Paper detail

A new kind of augmentation of filtrations

Let $(Ω,\mathcal{F},(\mathcal{F}_t)_{t \geq 0},\mathbb{P})$ be a filtered probability space satisfying the usual assumptions: it is usually not possible to extend to $\mathcal{F}_{\infty}$ (the $σ$-algebra generated by $(\mathcal{F}_t)_{t \geq 0}$) a coherent family of probability measures $(\mathbb{Q}_t)$, each of them being defined on $\mathcal{F}_t$. It is known that for instance, on the Wiener space, this extension problem has a positive answer if one takes the filtration generated by the coordinate process, but can have a negative answer if one takes its usual augmentation. On the other hand, the usual assumptions are crucial in order to obtain the existence of regular versions of paths for most stochastic processes of interest, such as the local time of the standard Brownian motion, stochastic integrals, etc. In order to fix this problem, we introduce a new property for filtrations, intermediate between the right continuity and the usual conditions.
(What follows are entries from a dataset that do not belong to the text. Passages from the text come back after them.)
(* For every triple $(r,s,t)$ of nonnegative integers with $r+s+t=d$ and $r\ge s\ge t$, there exists a nonzero vector $\mathbf v\in E^*_{[s,t]}V$ with $L_1\mathbf v=L_2\mathbf v=\mathbf 0$. Conversely, if $\mathbf v\in E^*_{[s,t]}V$ is nonzero with $L_1\mathbf v=L_2\mathbf v=\mathbf 0$, then $r=d-s-t\ge s\ge t$.
   Context: Let $d\ge1$, $\mathbb F_3=\{0,1,2\}$, $X=\mathbb F_3^d$, $V=\mathbb C^X$ with standard basis $\{\hat y:y\in X\}$. $E^*_{[s,t]}$ is the diagonal projection onto the span of those $\hat y$ with $y$ having exactly $s$ coordinates equal to $1$ and $t$ equal to $2$. Define linear operators on $V$: $L_1\hat y$ is the sum of $\hat z$ over all $z$ obtained from $y$ by changing exactly one coordinate equal to $1$ into $0$ (empty sum $=0$), and $L_2$ similarly changes one coordinate $2\mapsto1$. *)

theory Defs
  imports Complex_Main
begin

text \<open>Elements of F_3 are represented by the naturals 0,1,2; points of X = F_3^d by
  lists of length d with entries in {0,1,2}.  Vectors of V = C^X are functions
  from lists to complex numbers vanishing outside X; the basis vector of y is the
  indicator of y.\<close>

definition X :: "nat \<Rightarrow> nat list set" where
  "X d = {y. length y = d \<and> set y \<subseteq> {0,1,2}}"

definition cnt :: "nat \<Rightarrow> nat list \<Rightarrow> nat" where
  "cnt a y = length (filter (\<lambda>c. c = a) y)"

definition in_Estar :: "nat \<Rightarrow> nat \<Rightarrow> nat \<Rightarrow> (nat list \<Rightarrow> complex) \<Rightarrow> bool" where
  "in_Estar d s t v \<longleftrightarrow> (\<forall>y. v y \<noteq> 0 \<longrightarrow> y \<in> X d \<and> cnt 1 y = s \<and> cnt 2 y = t)"

definition change_one :: "nat \<Rightarrow> nat \<Rightarrow> nat list \<Rightarrow> nat list set" where
  "change_one a b y = {y[i := b] | i. i < length y \<and> y ! i = a}"

text \<open>Linear extension of  y-hat \<mapsto> sum of z-hat over z in change_one a b y.\<close>
definition Lop :: "nat \<Rightarrow> nat \<Rightarrow> nat \<Rightarrow> (nat list \<Rightarrow> complex) \<Rightarrow> (nat list \<Rightarrow> complex)" where
  "Lop d a b v = (\<lambda>z. \<Sum>y\<in>X d. if z \<in> change_one a b y then v y else 0)"

definition L1 :: "nat \<Rightarrow> (nat list \<Rightarrow> complex) \<Rightarrow> (nat list \<Rightarrow> complex)" where
  "L1 d = Lop d 1 0"

definition L2 :: "nat \<Rightarrow> (nat list \<Rightarrow> complex) \<Rightarrow> (nat list \<Rightarrow> complex)" where
  "L2 d = Lop d 2 1"

end

theory Submission
  imports Defs
begin

text \<open>
  Existence: the operators obey a Leibniz rule on tensor products of vectors (splitting a point
  of X (k + n) into its first k and last n coordinates), so a tensor product of vectors killed by
  L1 and L2 is again killed by them, and the numbers of ones and twos add up. Tensoring t copies
  of the antisymmetrisation of 012, s - t copies of that of 01 and r - s copies of the point 0
  produces the required vector in dimension r + s + t.

  Converse: for a \<noteq> b the transpose of L_ab (changing a into b) is L_ba, and
  L_ba^T L_ba - L_ab^T L_ab is the diagonal operator cnt b - cnt a. If v lies in E*_[s,t]V and
  L_ab v = 0, then \<parallel>L_ba v\<parallel>^2 = (cnt b - cnt a) \<parallel>v\<parallel>^2, so cnt b - cnt a \<ge> 0 on the support
  of v. For L1 this gives d - s - t \<ge> s, for L2 it gives s \<ge> t.
\<close>

lemma change_one_Nil [simp]: "change_one a b [] = {}"
  by (simp add: change_one_def)

lemma change_one_Cons:
  "change_one a b (c # u) = (if c = a then {b # u} else {}) \<union> Cons c ` change_one a b u"
proof (rule set_eqI iffI)+
  fix z assume "z \<in> change_one a b (c # u)"
  then obtain i where i: "i < Suc (length u)" "(c # u) ! i = a" "z = (c # u)[i := b]"
    by (auto simp: change_one_def)
  then show "z \<in> (if c = a then {b # u} else {}) \<union> Cons c ` change_one a b u"
    by (cases i) (auto simp: change_one_def)
next
  fix z assume "z \<in> (if c = a then {b # u} else {}) \<union> Cons c ` change_one a b u"
  then show "z \<in> change_one a b (c # u)"
    unfolding change_one_def
    by (cases "c = a") (fastforce intro: exI[of _ 0] exI[of _ "Suc _"])+
qed

lemma finite_change_one [simp]: "finite (change_one a b y)"
  by (induction y) (auto simp: change_one_Cons)

lemma length_change_one: "x \<in> change_one a b y \<Longrightarrow> length x = length y"
  by (auto simp: change_one_def)

lemma change_one_swap: "x \<in> change_one a b y \<longleftrightarrow> y \<in> change_one b a x"
proof (induction y arbitrary: x)
  case Nil then show ?case by (cases x) (auto simp: change_one_Cons)
next
  case (Cons c u) then show ?case by (cases x) (auto simp: change_one_Cons)
qed

lemma self_notin_change_one: "a \<noteq> b \<Longrightarrow> y \<notin> change_one a b y"
  by (auto simp: change_one_def) (metis nth_list_update_eq)

lemma change_one_append:
  "change_one a b (u @ w) = (\<lambda>x. x @ w) ` change_one a b u \<union> (@) u ` change_one a b w"
  by (induction u) (auto simp: change_one_Cons image_Un image_image)

lemma finite_X [simp]: "finite (X d)"
proof -
  have "X d = {xs. set xs \<subseteq> {0, 1, 2} \<and> length xs = d}" by (auto simp: X_def)
  then show ?thesis by (simp add: finite_lists_length_eq)
qed

lemma length_X: "y \<in> X d \<Longrightarrow> length y = d"
  by (simp add: X_def)

lemma append_in_X: "u \<in> X k \<Longrightarrow> w \<in> X n \<Longrightarrow> u @ w \<in> X (k + n)"
  by (simp add: X_def)

lemma X_0: "X 0 = {[]}"
  by (auto simp: X_def)

lemma X_Suc: "X (Suc n) = (\<Union>c\<in>{0, 1, 2}. Cons c ` X n)"
proof (rule set_eqI)
  fix y show "y \<in> X (Suc n) \<longleftrightarrow> y \<in> (\<Union>c\<in>{0, 1, 2}. Cons c ` X n)"
    by (cases y) (auto simp: X_def)
qed

lemma change_one_subset_X: "y \<in> X d \<Longrightarrow> b \<in> {0, 1, 2} \<Longrightarrow> change_one a b y \<subseteq> X d"
  unfolding change_one_def X_def using set_update_subset_insert by fastforce

lemma cnt_Nil [simp]: "cnt a [] = 0"
  by (simp add: cnt_def)

lemma cnt_Cons [simp]: "cnt a (c # u) = (if c = a then 1 else 0) + cnt a u"
  by (simp add: cnt_def)

lemma cnt_append [simp]: "cnt a (u @ w) = cnt a u + cnt a w"
  by (simp add: cnt_def)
We show that most of the important results of the theory of stochastic processes which are generally proved under the usual augmentation, such as the existence of regular version of trajectories or the début theorem, still hold under the N-augmentation; moreover this new augmentation allows the extension of a coherent family of probability measures whenever this is possible with the original filtration.